Bestimmung der Konzentration von Biomolekülen - Verfahren zur Quantifizierung spezifischer Moleküle in einer Probe.

Details:

• UV/Vis-Absorptionsspektroskopie: Messung der Lichtabsorption bei spezifischen Wellenlängen.
• Beer-Lambert-Gesetz: \(A = \varepsilon \,c \,d\) - \(A\): Absorption, \(\varepsilon\): molarer Extinktionskoeffizient, \(c\): Konzentration, \(d\): Schichtdicke.

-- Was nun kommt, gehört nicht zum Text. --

(* Under the standing assumptions (A) below, let $\Omega'=\{t\in[0,L]:\tau(t)\ne\pm\lambda\}\cup\Omega$. If $I$ is any connected component of $\Omega'$, then $\tau(I)$ is contained in a great circle of $S^{n-1}$ through $\lambda$.
   Context: Standing assumptions (A): $n\ge2$, $L>0$, $\beta\colon[0,L]\to(0,\infty)$ of bounded variation with $1/\beta$ bounded; $\tau\in W^{1,\infty}((0,L);S^{n-1})$ with $k=\operatorname{ess\,sup}|\tau'|>0$; $\lambda\in S^{n-1}$ and $u\in W^{1,\infty}((0,L);\mathbb{R}^n)\setminus\{0\}$ such that $u'+(u\cdot\tau')\tau=\beta(\lambda-(\lambda\cdot\tau)\tau)$ and $|u|\tau'=ku$ a.e. in $(0,L)$; $f=k|u|$, which then satisfies $f'=\beta\,\lambda\cdot\tau'$ and $f(\tau''+k^2\tau)=\beta k^2\,\mathrm{proj}^\perp_{\tau,\tau'}(\lambda)$ weakly in $(0,L)$ (where $\mathrm{proj}^\perp_{V,W}$ is the orthogonal projection onto the orthogonal complement of $\mathrm{span}\{V,W\}$); $\Omega=\{t\in[0,L]:f(t)>0\}$ (open relative to $[0,L]$); and $\tau(t),\tau'(t),\lambda$ are linearly dependent for every $t\in\Omega$ (note $\tau'$ is continuous on $\Omega$). *)

theory Defs
  imports "HOL-Analysis.Analysis" "HOL-Probability.Probability"
begin

definition bounded_variation_on :: "real \<Rightarrow> real \<Rightarrow> (real \<Rightarrow> real) \<Rightarrow> bool" where
  "bounded_variation_on a b g \<longleftrightarrow>
     (\<exists>M. \<forall>ts::real list. sorted ts \<and> set ts \<subseteq> {a..b} \<longrightarrow>
        (\<Sum>i<length ts - 1. \<bar>g (ts ! Suc i) - g (ts ! i)\<bar>) \<le> M)"

definition lin_dep3 :: "'a::real_vector \<Rightarrow> 'a \<Rightarrow> 'a \<Rightarrow> bool" where
  "lin_dep3 x y z \<longleftrightarrow>
     (\<exists>a b c. (a, b, c) \<noteq> (0, 0, 0) \<and> a *\<^sub>R x + b *\<^sub>R y + c *\<^sub>R z = 0)"

definition great_circle :: "'a::euclidean_space set \<Rightarrow> bool" where
  "great_circle C \<longleftrightarrow> (\<exists>V. subspace V \<and> dim V = 2 \<and> C = V \<inter> sphere 0 1)"

end

theory Submission
  imports Defs
begin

• Fluorometrie: Fluoreszenz-Intensität proportional zur Konzentration.
• Bradford-Assay: Farbindikator bindet an Protein, Absorption bei 595 nm.
• BCA-Assay: Reduktion von Cu2+ zu Cu+, Absorption bei 562 nm proportional zur Proteinkonzentration.
• Kalibrierkurven: Konzentration vs. Absorption/Fluoreszenz zur Bestimmung unbekannter Proben.